**TASK DESCRIPTION**
Transcribe the lines of the records starting with the one that has "(bisector_refl \<theta> x) = Im" in it and ending with the last, and transcribe nothing else.

== RECORDS PROVIDED ==

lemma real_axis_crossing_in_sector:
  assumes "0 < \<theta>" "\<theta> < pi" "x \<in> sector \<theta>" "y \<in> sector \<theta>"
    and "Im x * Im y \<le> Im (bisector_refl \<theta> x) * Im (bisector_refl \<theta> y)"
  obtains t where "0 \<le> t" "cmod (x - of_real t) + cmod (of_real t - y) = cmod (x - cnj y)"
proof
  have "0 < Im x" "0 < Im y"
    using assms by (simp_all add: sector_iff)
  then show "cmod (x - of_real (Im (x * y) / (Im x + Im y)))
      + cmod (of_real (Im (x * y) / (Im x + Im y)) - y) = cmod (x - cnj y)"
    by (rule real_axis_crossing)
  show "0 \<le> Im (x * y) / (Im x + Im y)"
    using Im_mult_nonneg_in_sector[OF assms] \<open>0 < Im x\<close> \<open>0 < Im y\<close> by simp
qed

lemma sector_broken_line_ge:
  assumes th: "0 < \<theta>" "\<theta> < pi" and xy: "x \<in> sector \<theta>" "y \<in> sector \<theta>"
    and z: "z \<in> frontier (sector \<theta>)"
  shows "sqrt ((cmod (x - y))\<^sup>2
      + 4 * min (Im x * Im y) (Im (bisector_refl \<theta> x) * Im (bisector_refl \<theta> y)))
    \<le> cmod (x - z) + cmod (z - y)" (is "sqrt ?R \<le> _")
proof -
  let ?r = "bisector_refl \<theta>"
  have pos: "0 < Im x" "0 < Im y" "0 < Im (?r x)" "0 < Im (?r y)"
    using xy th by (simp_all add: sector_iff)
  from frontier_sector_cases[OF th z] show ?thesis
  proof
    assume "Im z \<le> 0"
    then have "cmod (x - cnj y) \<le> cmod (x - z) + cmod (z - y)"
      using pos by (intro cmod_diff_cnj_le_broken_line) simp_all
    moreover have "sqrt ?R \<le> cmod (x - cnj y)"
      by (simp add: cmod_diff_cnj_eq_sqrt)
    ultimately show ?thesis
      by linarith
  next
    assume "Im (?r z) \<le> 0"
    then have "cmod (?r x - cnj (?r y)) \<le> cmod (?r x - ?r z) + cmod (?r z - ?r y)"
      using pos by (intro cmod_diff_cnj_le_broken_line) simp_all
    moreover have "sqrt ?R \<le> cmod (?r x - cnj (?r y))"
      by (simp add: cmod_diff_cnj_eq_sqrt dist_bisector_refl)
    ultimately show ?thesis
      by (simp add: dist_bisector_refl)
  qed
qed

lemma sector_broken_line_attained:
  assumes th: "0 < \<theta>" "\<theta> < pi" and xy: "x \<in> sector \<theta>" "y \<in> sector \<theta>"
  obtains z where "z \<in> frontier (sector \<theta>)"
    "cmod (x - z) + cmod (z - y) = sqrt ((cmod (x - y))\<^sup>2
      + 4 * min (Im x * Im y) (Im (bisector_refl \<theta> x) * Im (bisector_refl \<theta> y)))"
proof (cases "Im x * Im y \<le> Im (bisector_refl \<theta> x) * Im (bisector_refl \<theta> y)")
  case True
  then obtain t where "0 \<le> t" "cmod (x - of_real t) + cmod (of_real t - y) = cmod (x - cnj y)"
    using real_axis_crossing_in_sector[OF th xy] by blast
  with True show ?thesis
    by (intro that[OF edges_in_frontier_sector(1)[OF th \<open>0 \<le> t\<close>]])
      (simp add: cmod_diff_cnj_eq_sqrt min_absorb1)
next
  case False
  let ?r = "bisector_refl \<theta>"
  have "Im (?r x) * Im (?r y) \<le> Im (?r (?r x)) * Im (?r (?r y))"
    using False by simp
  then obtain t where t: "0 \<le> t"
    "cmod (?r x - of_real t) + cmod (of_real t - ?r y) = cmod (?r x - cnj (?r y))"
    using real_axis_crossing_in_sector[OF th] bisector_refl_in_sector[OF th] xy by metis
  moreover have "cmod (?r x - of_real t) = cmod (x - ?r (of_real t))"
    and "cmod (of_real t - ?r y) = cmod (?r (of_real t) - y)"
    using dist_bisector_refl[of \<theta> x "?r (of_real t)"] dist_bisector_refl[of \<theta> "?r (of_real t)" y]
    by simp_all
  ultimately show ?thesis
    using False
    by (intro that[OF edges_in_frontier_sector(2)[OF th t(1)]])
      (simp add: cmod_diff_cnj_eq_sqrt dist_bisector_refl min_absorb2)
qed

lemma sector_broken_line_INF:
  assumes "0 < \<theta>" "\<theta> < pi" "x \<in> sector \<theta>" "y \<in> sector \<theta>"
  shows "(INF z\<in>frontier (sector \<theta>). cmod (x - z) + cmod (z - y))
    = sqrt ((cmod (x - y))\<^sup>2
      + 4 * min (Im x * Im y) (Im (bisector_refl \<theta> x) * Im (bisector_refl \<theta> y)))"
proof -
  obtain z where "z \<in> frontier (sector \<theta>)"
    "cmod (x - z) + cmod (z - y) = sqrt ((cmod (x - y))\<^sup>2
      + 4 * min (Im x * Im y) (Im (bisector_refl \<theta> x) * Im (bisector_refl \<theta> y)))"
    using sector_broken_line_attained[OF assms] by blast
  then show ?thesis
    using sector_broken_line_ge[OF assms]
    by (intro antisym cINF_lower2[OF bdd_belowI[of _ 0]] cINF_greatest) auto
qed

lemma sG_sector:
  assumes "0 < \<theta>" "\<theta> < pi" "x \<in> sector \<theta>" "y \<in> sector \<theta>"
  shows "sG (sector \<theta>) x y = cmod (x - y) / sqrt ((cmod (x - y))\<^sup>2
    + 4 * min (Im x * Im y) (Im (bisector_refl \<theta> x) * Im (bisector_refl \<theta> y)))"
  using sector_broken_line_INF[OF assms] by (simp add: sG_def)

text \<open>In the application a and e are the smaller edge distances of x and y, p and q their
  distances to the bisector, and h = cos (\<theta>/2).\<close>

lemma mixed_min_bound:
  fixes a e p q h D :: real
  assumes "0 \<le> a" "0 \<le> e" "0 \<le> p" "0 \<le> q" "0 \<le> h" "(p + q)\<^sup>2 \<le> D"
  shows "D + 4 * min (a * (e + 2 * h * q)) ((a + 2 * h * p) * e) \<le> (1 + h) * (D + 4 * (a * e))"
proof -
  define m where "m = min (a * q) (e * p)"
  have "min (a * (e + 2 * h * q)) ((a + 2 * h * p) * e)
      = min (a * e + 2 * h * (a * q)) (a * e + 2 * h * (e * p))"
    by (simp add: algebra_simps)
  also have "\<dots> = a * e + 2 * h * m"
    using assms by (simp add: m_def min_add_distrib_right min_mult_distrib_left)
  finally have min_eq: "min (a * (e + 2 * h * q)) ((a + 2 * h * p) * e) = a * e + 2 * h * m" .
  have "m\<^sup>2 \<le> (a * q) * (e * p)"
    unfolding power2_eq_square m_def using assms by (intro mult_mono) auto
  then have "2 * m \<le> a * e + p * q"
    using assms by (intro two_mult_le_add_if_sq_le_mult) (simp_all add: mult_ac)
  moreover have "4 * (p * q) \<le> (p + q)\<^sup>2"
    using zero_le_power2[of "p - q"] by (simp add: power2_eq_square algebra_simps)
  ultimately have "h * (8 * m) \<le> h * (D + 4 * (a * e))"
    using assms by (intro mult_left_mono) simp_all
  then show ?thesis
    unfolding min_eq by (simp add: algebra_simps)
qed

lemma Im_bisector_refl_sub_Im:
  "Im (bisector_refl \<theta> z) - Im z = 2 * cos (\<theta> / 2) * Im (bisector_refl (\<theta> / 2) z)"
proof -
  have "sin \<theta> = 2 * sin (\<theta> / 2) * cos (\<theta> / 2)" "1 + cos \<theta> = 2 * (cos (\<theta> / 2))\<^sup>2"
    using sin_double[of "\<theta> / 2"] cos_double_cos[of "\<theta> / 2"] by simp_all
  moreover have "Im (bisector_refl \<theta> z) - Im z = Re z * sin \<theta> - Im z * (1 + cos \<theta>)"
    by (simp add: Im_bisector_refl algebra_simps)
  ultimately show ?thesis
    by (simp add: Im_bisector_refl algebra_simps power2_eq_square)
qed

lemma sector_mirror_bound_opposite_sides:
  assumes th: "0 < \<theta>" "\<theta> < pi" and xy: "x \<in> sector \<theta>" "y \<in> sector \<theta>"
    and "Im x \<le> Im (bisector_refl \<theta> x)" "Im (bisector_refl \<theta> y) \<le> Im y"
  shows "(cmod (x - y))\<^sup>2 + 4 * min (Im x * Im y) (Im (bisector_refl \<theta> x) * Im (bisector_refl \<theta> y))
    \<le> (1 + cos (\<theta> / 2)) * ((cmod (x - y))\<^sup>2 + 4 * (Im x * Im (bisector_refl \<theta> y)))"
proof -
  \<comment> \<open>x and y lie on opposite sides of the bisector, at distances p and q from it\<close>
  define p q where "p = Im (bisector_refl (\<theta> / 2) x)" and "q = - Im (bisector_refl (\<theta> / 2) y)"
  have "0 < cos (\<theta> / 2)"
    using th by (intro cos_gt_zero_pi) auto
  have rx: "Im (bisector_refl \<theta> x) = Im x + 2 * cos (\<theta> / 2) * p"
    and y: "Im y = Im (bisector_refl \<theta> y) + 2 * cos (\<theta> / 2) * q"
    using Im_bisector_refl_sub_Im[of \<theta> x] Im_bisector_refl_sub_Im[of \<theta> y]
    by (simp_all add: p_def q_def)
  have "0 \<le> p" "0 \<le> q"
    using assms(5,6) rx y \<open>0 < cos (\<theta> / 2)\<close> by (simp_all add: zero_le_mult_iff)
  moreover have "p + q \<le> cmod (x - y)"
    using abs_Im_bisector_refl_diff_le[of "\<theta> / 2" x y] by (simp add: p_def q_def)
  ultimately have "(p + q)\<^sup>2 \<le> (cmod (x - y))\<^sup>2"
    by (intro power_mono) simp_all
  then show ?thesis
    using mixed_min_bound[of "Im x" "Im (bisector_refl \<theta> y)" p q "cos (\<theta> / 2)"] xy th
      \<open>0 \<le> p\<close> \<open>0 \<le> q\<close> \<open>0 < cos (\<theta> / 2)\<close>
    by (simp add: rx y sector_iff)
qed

===

**SOLUTION BELOW**
  have rx: "Im (bisector_refl \<theta> x) = Im x + 2 * cos (\<theta> / 2) * p"
    and y: "Im y = Im (bisector_refl \<theta> y) + 2 * cos (\<theta> / 2) * q"
    using Im_bisector_refl_sub_Im[of \<theta> x] Im_bisector_refl_sub_Im[of \<theta> y]
    by (simp_all add: p_def q_def)
  have "0 \<le> p" "0 \<le> q"
    using assms(5,6) rx y \<open>0 < cos (\<theta> / 2)\<close> by (simp_all add: zero_le_mult_iff)
  moreover have "p + q \<le> cmod (x - y)"
    using abs_Im_bisector_refl_diff_le[of "\<theta> / 2" x y] by (simp add: p_def q_def)
  ultimately have "(p + q)\<^sup>2 \<le> (cmod (x - y))\<^sup>2"
    by (intro power_mono) simp_all
  then show ?thesis
    using mixed_min_bound[of "Im x" "Im (bisector_refl \<theta> y)" p q "cos (\<theta> / 2)"] xy th
      \<open>0 \<le> p\<close> \<open>0 \<le> q\<close> \<open>0 < cos (\<theta> / 2)\<close>
    by (simp add: rx y sector_iff)
qed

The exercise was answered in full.